## Exercise details
Repeat verbatim, and only, the lines of the data below, beginning at the line that contains "M i j = 0) \<and>" and stopping after the line that contains "U i j = 0) \<and>".
--- Given records Enclosed Below ---
(* Let $G$ be a graph, let $V(G)=V_1\cup V_2$ be a partition of its vertex set, and let $X\subseteq V_1$ be the vertex boundary of $V_2$ in $G$. Let $H$ be a connected graph with $|H|\ge|V_2|$ and let $G':=(G[V_1],X)\vee H$. Let $M\in S(G)$ and let $\sigma'$ be a multiset of $|H|-|V_2|$ real numbers such that the multiset $\sigma(M[V_2])\cup\sigma'$ is generically realisable for $H$. Then there exists $N\in S(G')$ with spectrum $\sigma(N)=\sigma(M)\cup\sigma'$ (union of multisets).
   Context: $S(G)$ is the set of real symmetric matrices indexed by $V(G)$ whose $(i,j)$ off-diagonal entry is nonzero iff $\{i,j\}\in E(G)$ (diagonal unrestricted). $G[W]$ is the subgraph induced on $W$ and $M[W]$ the principal submatrix of $M$ with rows and columns in $W$; $\sigma(\cdot)$ is the spectrum as a multiset. The vertex boundary of $W\subseteq V(G)$ is the set of vertices in $V(G)\setminus W$ adjacent in $G$ to some vertex of $W$. For disjoint graphs $G_1,G_2$ and $U_1\subseteq V(G_1)$, the partial join $(G_1,U_1)\vee G_2$ is $G_1\cup G_2$ together with all edges joining each vertex of $U_1$ to each vertex of $G_2$. For a connected graph $H$ of order $n$, a multiset $\sigma$ of $n$ reals is generically realisable for $H$ if for every finite set $\mathcal Y\subseteq\mathbb{R}^n\setminus\{\mathbf 0\}$ there is a real orthogonal matrix $U$ with $UDU^\top\in S(H)$, $D$ a fixed diagonal matrix with spectrum $\sigma$, such that $U\mathbf y$ has no zero entry for all $\mathbf y\in\mathcal Y$. *)

theory Defs
  imports "HOL-Computational_Algebra.Polynomial" "HOL-Combinatorics.Permutations"
begin

type_synonym 'a graph = "'a set \<times> ('a \<Rightarrow> 'a \<Rightarrow> bool)"

definition verts :: "'a graph \<Rightarrow> 'a set" where "verts G = fst G"
definition adj :: "'a graph \<Rightarrow> 'a \<Rightarrow> 'a \<Rightarrow> bool" where "adj G = snd G"

definition graph :: "'a graph \<Rightarrow> bool" where
  "graph G \<longleftrightarrow> finite (verts G) \<and>
     (\<forall>x y. adj G x y \<longrightarrow> x \<in> verts G \<and> y \<in> verts G \<and> x \<noteq> y \<and> adj G y x)"

definition connected_graph :: "'a graph \<Rightarrow> bool" where
  "connected_graph G \<longleftrightarrow> graph G \<and> verts G \<noteq> {} \<and>
     (\<forall>x\<in>verts G. \<forall>y\<in>verts G. (adj G)\<^sup>*\<^sup>* x y)"

definition induced :: "'a graph \<Rightarrow> 'a set \<Rightarrow> 'a graph" where
  "induced G W = (verts G \<inter> W, \<lambda>x y. x \<in> W \<and> y \<in> W \<and> adj G x y)"

definition vertex_boundary :: "'a graph \<Rightarrow> 'a set \<Rightarrow> 'a set" where
  "vertex_boundary G W = {v \<in> verts G - W. \<exists>w\<in>W. adj G v w}"

definition partial_join :: "'a graph \<Rightarrow> 'a set \<Rightarrow> 'b graph \<Rightarrow> ('a + 'b) graph" where
  "partial_join G1 U1 G2 =
    (Inl ` verts G1 \<union> Inr ` verts G2,
     \<lambda>x y. (case (x, y) of
              (Inl a, Inl b) \<Rightarrow> adj G1 a b
            | (Inr a, Inr b) \<Rightarrow> adj G2 a b
            | (Inl a, Inr b) \<Rightarrow> a \<in> U1 \<and> a \<in> verts G1 \<and> b \<in> verts G2
            | (Inr a, Inl b) \<Rightarrow> b \<in> U1 \<and> b \<in> verts G1 \<and> a \<in> verts G2))"

text \<open>Matrices indexed by a finite set I are functions I \<Rightarrow> I \<Rightarrow> real,
  required to vanish outside I \<times> I.\<close>
type_synonym 'a rmat = "'a \<Rightarrow> 'a \<Rightarrow> real"

definition S_set :: "'a graph \<Rightarrow> 'a rmat set" ("S'(_')") where
  "S_set G = {M. (\<forall>i j. (i \<notin> verts G \<or> j \<notin> verts G) \<longrightarrow> M i j = 0) \<and>
      (\<forall>i\<in>verts G. \<forall>j\<in>verts G. M i j = M j i) \<and>
      (\<forall>i\<in>verts G. \<forall>j\<in>verts G. i \<noteq> j \<longrightarrow> (M i j \<noteq> 0 \<longleftrightarrow> adj G i j))}"

definition submatrix :: "'a rmat \<Rightarrow> 'a set \<Rightarrow> 'a rmat" where
  "submatrix M W = (\<lambda>i j. if i \<in> W \<and> j \<in> W then M i j else 0)"

definition charpoly :: "'a set \<Rightarrow> 'a rmat \<Rightarrow> real poly" where
  "charpoly I M = (\<Sum>p | p permutes I. of_int (sign p) *
      (\<Prod>i\<in>I. (if p i = i then [:- M i i, 1:] else [:- M i (p i):])))"

text \<open>Spectrum as a multiset: the real roots of the characteristic polynomial with
  algebraic multiplicity (for real symmetric matrices these are all eigenvalues).\<close>
definition spectrum :: "'a set \<Rightarrow> 'a rmat \<Rightarrow> real multiset" where
  "spectrum I M = proots (charpoly I M)"

definition orthogonal_on :: "'a set \<Rightarrow> 'a rmat \<Rightarrow> bool" where
  "orthogonal_on I U \<longleftrightarrow> (\<forall>i j. (i \<notin> I \<or> j \<notin> I) \<longrightarrow> U i j = 0) \<and>
     (\<forall>i\<in>I. \<forall>j\<in>I. (\<Sum>k\<in>I. U i k * U j k) = (if i = j then 1 else 0))"

definition conj_diag :: "'a set \<Rightarrow> 'a rmat \<Rightarrow> ('a \<Rightarrow> real) \<Rightarrow> 'a rmat" where
  "conj_diag I U d = (\<lambda>i j. if i \<in> I \<and> j \<in> I then (\<Sum>k\<in>I. U i k * d k * U j k) else 0)"

definition mat_vec :: "'a set \<Rightarrow> 'a rmat \<Rightarrow> ('a \<Rightarrow> real) \<Rightarrow> ('a \<Rightarrow> real)" where
  "mat_vec I U y = (\<lambda>i. \<Sum>k\<in>I. U i k * y k)"

definition generically_realisable :: "real multiset \<Rightarrow> 'a graph \<Rightarrow> bool" where
  "generically_realisable \<sigma> H \<longleftrightarrow> connected_graph H \<and>
     (\<exists>d. image_mset d (mset_set (verts H)) = \<sigma> \<and>
       (\<forall>Y. finite Y \<and>
            (\<forall>y\<in>Y. (\<forall>i. i \<notin> verts H \<longrightarrow> y i = 0) \<and> (\<exists>i\<in>verts H. y i \<noteq> 0)) \<longrightarrow>
          (\<exists>U. orthogonal_on (verts H) U \<and> conj_diag (verts H) U d \<in> S(H) \<and>
               (\<forall>y\<in>Y. \<forall>i\<in>verts H. mat_vec (verts H) U y i \<noteq> 0))))"

end

(*
  Embed V2 into the vertices of H by an injection and put the extra eigenvalues sigma' on the
  diagonal at the remaining vertices of H. On V1 + V(H) this gives a symmetric block matrix
    [ M[V1]  B ]
    [ B^T    C ]
  which is M relabelled plus a diagonal block, so its spectrum is sigma(M) + sigma', while
  sigma(C) = sigma(M[V2]) + sigma'. Write C = Q D Q^T. Generic realisability of sigma(C) for H gives
  an orthogonal U with U D U^T in S(H) such that U Q^T b has no zero entry for every nonzero row b
  of B. Conjugating by the block diagonal matrix diag(1, U Q^T) keeps the spectrum and yields
    [ M[V1]      B Q U^T ]
    [ U Q^T B^T  U D U^T ]
  A row of B is nonzero exactly when its vertex lies in the boundary X of V2, so this matrix has
  precisely the nonzero pattern of the partial join (G[V1], X) v H.
*)

theory Submission
  imports Defs "Jordan_Normal_Form.Char_Poly" "HOL-Computational_Algebra.Fundamental_Theorem_Algebra"
begin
--- End of Enclosed Given records ---
## Response area
  "S_set G = {M. (\<forall>i j. (i \<notin> verts G \<or> j \<notin> verts G) \<longrightarrow> M i j = 0) \<and>
      (\<forall>i\<in>verts G. \<forall>j\<in>verts G. M i j = M j i) \<and>
      (\<forall>i\<in>verts G. \<forall>j\<in>verts G. i \<noteq> j \<longrightarrow> (M i j \<noteq> 0 \<longleftrightarrow> adj G i j))}"

definition submatrix :: "'a rmat \<Rightarrow> 'a set \<Rightarrow> 'a rmat" where
  "submatrix M W = (\<lambda>i j. if i \<in> W \<and> j \<in> W then M i j else 0)"

definition charpoly :: "'a set \<Rightarrow> 'a rmat \<Rightarrow> real poly" where
  "charpoly I M = (\<Sum>p | p permutes I. of_int (sign p) *
      (\<Prod>i\<in>I. (if p i = i then [:- M i i, 1:] else [:- M i (p i):])))"

text \<open>Spectrum as a multiset: the real roots of the characteristic polynomial with
  algebraic multiplicity (for real symmetric matrices these are all eigenvalues).\<close>
definition spectrum :: "'a set \<Rightarrow> 'a rmat \<Rightarrow> real multiset" where
  "spectrum I M = proots (charpoly I M)"

definition orthogonal_on :: "'a set \<Rightarrow> 'a rmat \<Rightarrow> bool" where
  "orthogonal_on I U \<longleftrightarrow> (\<forall>i j. (i \<notin> I \<or> j \<notin> I) \<longrightarrow> U i j = 0) \<and>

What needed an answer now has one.